When you obtain a document by using its ID or search for a document with include_vector=True, the vector data obtained is not the original value inserted, but a dequantized approximate value. For more information, see Obtain documents and Search for documents.

Parameter description

When creating a collection, you can use the quantize_type field of the extra_params: Dict[str, str] parameter to define the quantization policy. The following valid value of quantize_type is supported:

  • DT_VECTOR_INT8: Quantizes an FP32 vector to an INT8 vector.

Performance and recall rate

Based on a dataset of one million 768-dimensional vectors

  • DashVector cluster specification: P.large

  • Metric: cosine

  • TopK: 100

Quantization policy

Index size ratio

QPS

Recall rate

None

100%

495.6

99.05%

DT_VECTOR_INT8

33.33%

733.8 (+48%)

94.67%

Note
  1. As indicated in the comparison, the index rate is reduced by two thirds and the QPS is increased by 48% at the cost of a recall rate decrease of 4.38%.

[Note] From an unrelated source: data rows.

(* Let $S:\mathbb{R}^d\to\mathbb{R}$ be real analytic in a neighborhood of the origin, and let $\beta^1,\dots,\beta^k\in\mathbb{N}^d$. There is a constant $C$ such that for all $x$ sufficiently close to the origin with all coordinates nonzero and all $1\le i\le k$, $$|\partial^{\beta^i}S(x)|\le C\sup_{\alpha\in\mathcal{N}(S)}|x^{\alpha-\beta^i}|,$$ where $|x^{\gamma}|=\prod_j|x_j|^{\gamma_j}$.
   Context: $\mathbb{N}=\{0,1,2,\dots\}$, $\partial^\beta=\partial_1^{\beta_1}\cdots\partial_d^{\beta_d}$. Writing $S(x)=\sum_{\alpha}c_\alpha x^\alpha$ near the origin, $\mathcal{N}(S)$ is the convex hull of $\bigcup_{c_\alpha\ne0}(\alpha+[0,\infty)^d)$. *)

theory Defs
  imports "HOL-Analysis.Analysis"
begin

definition monomial :: "('n::finite \<Rightarrow> nat) \<Rightarrow> real^'n \<Rightarrow> real" where
  "monomial \<alpha> x = (\<Prod>j\<in>UNIV. (x $ j) ^ (\<alpha> j))"

definition partial :: "'n::finite \<Rightarrow> (real^'n \<Rightarrow> real) \<Rightarrow> real^'n \<Rightarrow> real" where
  "partial j f x = deriv (\<lambda>t. f (x + t *\<^sub>R axis j 1)) 0"

text \<open>A fixed enumeration of the coordinates (the order is irrelevant for the
  analytic functions considered, since mixed partials commute).\<close>
definition coord_list :: "'n::finite list" where
  "coord_list = (SOME xs. distinct xs \<and> set xs = UNIV)"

  2. The results are measured based on a Cohere dataset and are for reference only. The actual results vary with the data distribution method of datasets.

References

Dataset

Quantization policy

Index size ratio

Recall rate

QPS increase

Cohere 10M 768 Cosine

DT_VECTOR_INT8

33%

95.28%

170%

GIST 1M 960 L2

DT_VECTOR_INT8

35%

99.54%

134%

OpenAI 5M 1536 Cosine

DT_VECTOR_INT8

34%

67.34%

189%

Deep1B 10M 96 Cosine

DT_VECTOR_INT8

52%

99.97%

135%

Internal dataset 8M 512 Cosine

DT_VECTOR_INT8

38%

99.92%

152%

Important

The preceding table indicates that the DashVector quantization policy is not applicable to all datasets. You must be cautious about using the quantization policy in your production environments.

We recommend that you create two collections, one with and the other without the quantization policy, and determine whether to use the policy in production environments after careful comparison, testing, and verification.